Oct 24, 2012
China is expanding its energy footprint in Latin America in a two-pronged strategy to secure its economy's fuel needs and create a niche for future trade in the southern region.
China's latest foray into equity investment is a 10 percent share of offshore Brazilian oil and gas reserves awaiting development as part of a multibillion-dollar program.
Brazil has been choosing equity partners with an eye on deeper collaboration that opens business opportunities for its own commodities and manufactures and China offers fits the bill perfectly -- for now.
Despite analysts' warnings that China's economic slowdown may be quicker than originally estimated and, despite an outcry in the United States and elsewhere over Chinese investments, South America has given Chinese cash and enterprise an open-ended welcome.
The latest breakthrough for China came when Brazil's National Petroleum Agency ANP gave the green light for China's state-run conglomerate Sinochem purchasing a 10 percent stake in five offshore blocks.
Talks on the equity sale gained momentum last year and in January Sinochem purchased the stake from the local unit of French oil and natural-gas company Perenco.
ANP approved the deal at a board meeting this month. Details of the transaction are yet to become known but it follows several Chinese oil and gas acquisitions in Brazil, Argentina and ongoing talks on several other ventures.
Sinochem previously acquired a 40 percent stake in Norwegian company Statoil's Peregrino offshore field in Brazil for $3.07 billion while China's Sinopec paid $5.19 billion for a 30 percent stake in the Brazilian unit of Portugal's Galp Energia.
Sinopec also paid $7 billion for a 40 percent share of the Brazilian unit of Spanish oil company Repsol, which lost its majority ownership of YPF in neighboring Argentina in a state takeover. The Argentine nationalization raised fears, since dispelled, that foreign investors might be discouraged from buying equity in Latin America.
In the latest deal, Sinochem acquired a 10 percent working stake in five blocks of the offshore Espirito Santos Basin in return for funding exploration-commitment wells.
Perenco retains a 40 percent operator stake in the blocks, with partner OGX Petroleo e Participacoes holding the remaining 50 percent.

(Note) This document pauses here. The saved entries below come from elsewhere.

(* Let $f:\mathbb{R}^n\to\mathbb{R}^n$ be smooth, $N\ge2$, and $A$ a real symmetric $n\times n$ matrix with $A\succ0$, and consider $$\dot{x}_i=f(x_i)+A(x_{i-1}-x_i),\qquad i=1,\dots,N,$$ indices modulo $N$. If there is $\lambda>0$ with $(J_f(z))_s+A\preceq-\lambda I$ for all $z\in\mathbb{R}^n$, then for every initial condition $\|x_i(t)-x_j(t)\|\to0$ exponentially as $t\to\infty$ for all $i,j$.
   Context: $J_f(z)=\frac{\partial f}{\partial z}(z)$ is the Jacobian of $f$. For a square matrix $M$, $M_s=\tfrac12(M+M^T)$. $M\succ0$ means positive definite; $M\preceq N$ means $N-M$ is positive semidefinite. *)

theory Defs
  imports "HOL-Analysis.Analysis"
begin

text \<open>C-infinity real-valued functions on R^n: differentiable everywhere and every
  partial derivative is again C-infinity (coinductively, i.e. to all orders).\<close>
coinductive smooth_real :: "(real^'n \<Rightarrow> real) \<Rightarrow> bool" where
  "(\<forall>x. g differentiable (at x)) \<Longrightarrow>
   (\<forall>i. smooth_real (\<lambda>x. frechet_derivative g (at x) (axis i 1))) \<Longrightarrow> smooth_real g"

definition smooth_map :: "(real^'n \<Rightarrow> real^'m) \<Rightarrow> bool" where
  "smooth_map f \<longleftrightarrow> (\<forall>i. smooth_real (\<lambda>x. f x $ i))"

definition jacobian :: "(real^'n \<Rightarrow> real^'m) \<Rightarrow> real^'n \<Rightarrow> real^'n^'m" where
  "jacobian f z = (\<chi> i j. frechet_derivative f (at z) (axis j 1) $ i)"

definition sym_part :: "real^'n^'n \<Rightarrow> real^'n^'n" where
  "sym_part M = (1/2) *\<^sub>R (M + transpose M)"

Sinochem Corp., founded in 1950, is China's largest trading company, dealing in petrochemicals distribution, rubber, plastics, and agrochemicals.
Formerly owned directly by the Chinese government, Sinochem converted to a joint-stock company in 2009, a process China is keen to promote to blunt criticism that its international trading companies have too much government interference.
China became the third-largest investor in Latin America in 2010, behind the United States and the Netherlands, with investment deals in oil and gas, minerals and construction across the region.